Это выражение Гита не слышала много лет, но сразу поняла, что имеет в виду Фарах: «Помоги мне стать вдовой». Она скрестила руки на груди:

— Двое исчезнувших мужчин в одной деревне — такое точно не пройдет незамеченным. Что ты скажешь полиции?

Фарах аж подскочила на месте, преисполненная надежды и кипучего энтузиазма:

— Пусть найдут труп, все будет выглядеть как несчастный случай! К тому же Рамеш-то давно пропал, лет пять уже прошло, да?

— Несчастный случай? У тебя мозги есть? Самир что, споткнется и пару раз упадет на кухонный нож? Или застрелится из пистолета, которого у него нет?

— Так, окей, я не все детали продумала, для того ты мне и нужна! Мы сделаем в точности как ты пять лет назад, только выдадим результат за несчастный случай.

— Мы? — Гита попятилась, выставив руки ладонями вперед. — Я тут вообще ни при чем.

— Еще как при чем. — Побитое лицо Фарах вдруг сделалось странно спокойным, плечи расслабились, голос стал тише. Отчего-то в ней проявилось чувство собственного достоинства, и даже спина гордо распрямилась — Фарах как будто стала выше ростом.

Гита оторопела от такого внезапного преображения.

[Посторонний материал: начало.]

(* Fix an integer $d\ge1$. For every $0<a<b$ there is a constant $C(a,b)$ (depending only on $a,b,d$, not on $n$) such that $L$ is $C(a,b)$-Lipschitz on $\{x:a\le\|x\|\le b\}$, and for every $a>0$ there is $C(a)$ (depending only on $a,d$) such that $\|\nabla^2L(x)\|_{op}\le C(a)$ at every point $x$ with $\|x\|\ge a$ where $L$ is twice differentiable.
   Context: $e_1=(1,0,\dots,0)\in\mathbb{R}^n$; for $x\neq0$, $\theta(x)\in[0,\pi]$ is the angle between $x$ and $e_1$. $g(\theta)=\arccos\big(\frac{(\pi-\theta)\cos\theta+\sin\theta}{\pi}\big)$ and $g^{\circ d}$ is its $d$-fold composition. The loss is $L(x)=\frac12\|x\|^2-\|x\|\cos\big(g^{\circ d}(\theta(x))\big)+\frac12$. *)

theory Defs
  imports Complex_Main
begin

text \<open>Since the constants must be uniform in the dimension n, the dimension cannot be
a type parameter. We model R^n explicitly: a point of R^n is a function
x :: nat => real with x i = 0 for all i >= n (coordinates 0..n-1; e_1 is coordinate 0).\<close>

definition Rn :: "nat \<Rightarrow> (nat \<Rightarrow> real) set" where
  "Rn n = {x. \<forall>i\<ge>n. x i = 0}"

definition vadd :: "(nat \<Rightarrow> real) \<Rightarrow> (nat \<Rightarrow> real) \<Rightarrow> (nat \<Rightarrow> real)" where
  "vadd x y = (\<lambda>i. x i + y i)"

definition vsub :: "(nat \<Rightarrow> real) \<Rightarrow> (nat \<Rightarrow> real) \<Rightarrow> (nat \<Rightarrow> real)" where
  "vsub x y = (\<lambda>i. x i - y i)"

definition vinner :: "nat \<Rightarrow> (nat \<Rightarrow> real) \<Rightarrow> (nat \<Rightarrow> real) \<Rightarrow> real" where
  "vinner n x y = (\<Sum>i<n. x i * y i)"

definition vnorm :: "nat \<Rightarrow> (nat \<Rightarrow> real) \<Rightarrow> real" where
  "vnorm n x = sqrt (\<Sum>i<n. (x i)^2)"

definition e1 :: "nat \<Rightarrow> real" where
  "e1 = (\<lambda>i. if i = 0 then 1 else 0)"

definition vangle :: "nat \<Rightarrow> (nat \<Rightarrow> real) \<Rightarrow> real" where
  "vangle n x = arccos (vinner n x e1 / vnorm n x)"

definition gmap :: "real \<Rightarrow> real" where
  "gmap t = arccos (((pi - t) * cos t + sin t) / pi)"

definition loss :: "nat \<Rightarrow> nat \<Rightarrow> (nat \<Rightarrow> real) \<Rightarrow> real" where
  "loss d n x = (1/2) * (vnorm n x)^2 - vnorm n x * cos ((gmap ^^ d) (vangle n x)) + 1/2"

definition mv :: "nat \<Rightarrow> (nat \<Rightarrow> nat \<Rightarrow> real) \<Rightarrow> (nat \<Rightarrow> real) \<Rightarrow> (nat \<Rightarrow> real)" where
  "mv n H h = (\<lambda>i. if i < n then (\<Sum>j<n. H i j * h j) else 0)"

definition has_grad :: "nat \<Rightarrow> ((nat \<Rightarrow> real) \<Rightarrow> real) \<Rightarrow> (nat \<Rightarrow> real) \<Rightarrow> (nat \<Rightarrow> real) \<Rightarrow> bool" where
  "has_grad n f G x \<longleftrightarrow> G \<in> Rn n \<and>
     (\<forall>e>0. \<exists>\<delta>>0. \<forall>h\<in>Rn n. vnorm n h < \<delta> \<longrightarrow>
        \<bar>f (vadd x h) - f x - vinner n G h\<bar> \<le> e * vnorm n h)"

definition twice_diff_hess :: "nat \<Rightarrow> ((nat \<Rightarrow> real) \<Rightarrow> real) \<Rightarrow> (nat \<Rightarrow> real) \<Rightarrow> (nat \<Rightarrow> nat \<Rightarrow> real) \<Rightarrow> bool" where
  "twice_diff_hess n f x H \<longleftrightarrow> (\<exists>r>0. \<exists>G.
     (\<forall>y\<in>Rn n. vnorm n (vsub y x) < r \<longrightarrow> has_grad n f (G y) y) \<and>
     (\<forall>e>0. \<exists>\<delta>>0. \<forall>h\<in>Rn n. vnorm n h < \<delta> \<longrightarrow>
        vnorm n (vsub (vsub (G (vadd x h)) (G x)) (mv n H h)) \<le> e * vnorm n h))"

definition opnorm :: "nat \<Rightarrow> (nat \<Rightarrow> nat \<Rightarrow> real) \<Rightarrow> real" where
  "opnorm n H = Sup {vnorm n (mv n H v) | v. v \<in> Rn n \<and> vnorm n v \<le> 1}"

end

theory Submission
  imports Defs "HOL-Analysis.Analysis"
begin

text \<open>Writing \<open>c = cos \<theta>\<close>, the angle map is \<open>g (arccos c) = arccos (\<kappa> c)\<close> for the arc-cosine
  kernel \<open>\<kappa>\<close>, so \<open>L x = \<bar>x\<bar>\<^sup>2/2 - \<bar>x\<bar> \<kappa>\<^sup>d(c) + 1/2\<close> with \<open>c = x\<^sub>0/\<bar>x\<bar>\<close>. Since
  \<open>\<kappa>' c = 1 - arccos c / pi \<in> [0,1]\<close>, the iterate \<open>\<kappa>\<^sup>d\<close> is 1-Lipschitz with derivative
  \<open>F = \<Prod>\<^sub>j<d \<kappa>'(\<kappa>\<^sup>j c)\<close>, a product of factors \<open>1 - g\<^sup>j(\<theta>)/pi\<close>; as \<open>g\<close> is 1-Lipschitz on
  \<open>[0,pi]\<close>, \<open>F\<close> is \<open>d\<close>-Lipschitz in the angle \<open>\<theta>\<close>, and \<open>\<theta>\<close> is 3-Lipschitz in \<open>x/\<bar>x\<bar>\<close>.
  Hence on \<open>\<bar>x\<bar> \<ge> a\<close> both \<open>L\<close> (on bounded annuli) and its gradient
  \<open>x - (\<kappa>\<^sup>d(c) - c F) x/\<bar>x\<bar> - F e\<^sub>1\<close> are Lipschitz with constants independent of the
  dimension, and a Hessian is bounded in operator norm by any local Lipschitz constant of the
  gradient.\<close>

lemma lipschitz_on_Icc_of_deriv_bound:
  fixes f :: "real \<Rightarrow> real"
  assumes "a < b" and "continuous_on {a..b} f" and "0 \<le> M"
    and "\<And>x. a < x \<Longrightarrow> x < b \<Longrightarrow> (f has_real_derivative f' x) (at x)"
    and "\<And>x. a < x \<Longrightarrow> x < b \<Longrightarrow> \<bar>f' x\<bar> \<le> M"
  shows "M-lipschitz_on {a..b} f"
proof -
  have "M-lipschitz_on {a<..<b} f"
  proof (rule bounded_derivative_imp_lipschitz)
    fix x :: real assume "x \<in> {a<..<b}"
    then show "(f has_derivative (*) (f' x)) (at x within {a<..<b})"
      using assms(4) by (auto intro: has_derivative_at_withinI
          simp: has_field_derivative_imp_has_derivative)
    show "onorm ((*) (f' x)) \<le> M"
      using \<open>x \<in> {a<..<b}\<close> assms(5) by (auto intro: order_trans[OF onorm_le] simp: abs_mult)
  qed (use assms in auto)
  then show ?thesis
    using lipschitz_on_closure[of M "{a<..<b}" f] assms(1,2) by simp
qed

lemma has_real_derivative_remainder_le:
  assumes "(\<phi> has_real_derivative D) (at z0 within S)" "0 < e"
  obtains \<rho> where "\<rho> > 0"
    "\<And>z. z \<in> S \<Longrightarrow> \<bar>z - z0\<bar> < \<rho> \<Longrightarrow> \<bar>\<phi> z - \<phi> z0 - D * (z - z0)\<bar> \<le> e * \<bar>z - z0\<bar>"
proof -
  have "((\<lambda>y. (\<phi> y - \<phi> z0) / (y - z0)) \<longlongrightarrow> D) (at z0 within S)"
    using assms(1) has_field_derivative_iff by blast
  from tendstoD[OF this assms(2)] obtain \<rho> where "\<rho> > 0"
    and \<rho>: "\<forall>z\<in>S. z \<noteq> z0 \<and> dist z z0 < \<rho> \<longrightarrow> dist ((\<phi> z - \<phi> z0) / (z - z0)) D < e"
    unfolding eventually_at by blast
  have "\<bar>\<phi> z - \<phi> z0 - D * (z - z0)\<bar> \<le> e * \<bar>z - z0\<bar>" if "z \<in> S" "\<bar>z - z0\<bar> < \<rho>" for z
  proof (cases "z = z0")
    case False
    then have "\<phi> z - \<phi> z0 - D * (z - z0) = ((\<phi> z - \<phi> z0) / (z - z0) - D) * (z - z0)"
      by (simp add: field_simps)
    moreover have "\<bar>(\<phi> z - \<phi> z0) / (z - z0) - D\<bar> < e"
      using \<rho> that False by (auto simp: dist_real_def)
    ultimately show ?thesis
      by (simp add: abs_mult mult_right_mono)
  qed simp
  with \<open>\<rho> > 0\<close> show ?thesis
    using that by blast
qed

lemma funpow_in_invariant: "f ` S \<subseteq> S \<Longrightarrow> x \<in> S \<Longrightarrow> (f ^^ j) x \<in> S"
  by (induction j) auto

lemma lipschitz_on_funpow:
  assumes "C-lipschitz_on S f" "f ` S \<subseteq> S"
  shows "(C ^ j)-lipschitz_on S (f ^^ j)"
proof (induction j)
  case 0
  then show ?case
    by (simp add: lipschitz_on_id)
next
  case (Suc j)
  have "(C ^ j * C)-lipschitz_on S (f ^^ j \<circ> f)"
    by (rule lipschitz_on_compose[OF assms(1) lipschitz_on_subset[OF Suc.IH assms(2)]])
  then show ?case
    by (simp add: funpow_Suc_right mult.commute del: funpow.simps)
qed

lemma sin_ge_third: "0 \<le> s \<Longrightarrow> s \<le> 2 \<Longrightarrow> s / 3 \<le> sin (s::real)"
proof -
  assume s: "0 \<le> s" "s \<le> 2"
  have "\<bar>sin s - s\<bar> \<le> s ^ 3 / 6"
    using Maclaurin_sin_bound[of s 3] s by (simp add: sin_coeff_def numeral_3_eq_3 fact_numeral)
  moreover have "s ^ 3 \<le> 4 * s"
  proof -
    have "s * s\<^sup>2 \<le> s * 2\<^sup>2"
      using s by (intro mult_left_mono power_mono) auto
    then show ?thesis
      by (simp add: power3_eq_cube power2_eq_square mult.commute mult.assoc)
  qed
  ultimately show ?thesis
    unfolding abs_le_iff by linarith
qed

lemma sq_le_nine_chord_sq:
  assumes "\<bar>t\<bar> \<le> pi"
  shows "t\<^sup>2 \<le> 9 * (2 - 2 * cos (t::real))"
proof -
  define s where "s = \<bar>t\<bar> / 2"
  have "s / 3 \<le> sin s"
    using assms pi_less_4 by (intro sin_ge_third) (auto simp: s_def)
  then have "(s / 3)\<^sup>2 \<le> (sin s)\<^sup>2"
    by (rule power_mono) (simp add: s_def)
  moreover have "cos t = 1 - 2 * (sin s)\<^sup>2"
    using cos_double_sin[of s] by (simp add: s_def)
  ultimately show ?thesis
    by (simp add: s_def power_divide)
qed


section \<open>The arc-cosine kernel\<close>

definition kappa :: "real \<Rightarrow> real" where
  "kappa c = (sqrt (1 - c\<^sup>2) + (pi - arccos c) * c) / pi"

definition kappa_deriv :: "real \<Rightarrow> real" where
  "kappa_deriv c = (pi - arccos c) / pi"

lemma kappa_deriv_bounds: "-1 \<le> c \<Longrightarrow> c \<le> 1 \<Longrightarrow> 0 \<le> kappa_deriv c \<and> kappa_deriv c \<le> 1"
  using arccos_lbound[of c] arccos_ubound[of c] pi_gt_zero
  by (auto simp: kappa_deriv_def field_simps)

lemma kappa_has_real_derivative:
  assumes "-1 < c" "c < 1"
  shows "(kappa has_real_derivative kappa_deriv c) (at c)"
proof -
  have s: "sqrt (1 - c\<^sup>2) > 0"
    using assms by (simp add: abs_square_less_1)
  have "(kappa has_real_derivative
         ((- c) / sqrt (1 - c\<^sup>2) + ((pi - arccos c) + c / sqrt (1 - c\<^sup>2))) / pi) (at c)"
    unfolding kappa_def[abs_def] using assms s
    by (auto intro!: derivative_eq_intros simp: field_simps)
  then show ?thesis
    by (simp add: kappa_deriv_def)
qed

— Остальные заемщицы уже ждут, что ты и дальше будешь покрывать мои долги, если Самир продолжит отбирать у меня деньги. Подумай об этом хорошенько. Ты в группе единственная, кому не надо заботиться о семье. А если нам перестанут выдавать кредиты, ты станешь единственной, о ком семья не сможет позаботиться. — Фарах опять подступила ближе. — Так что именно «мы», Гитабен.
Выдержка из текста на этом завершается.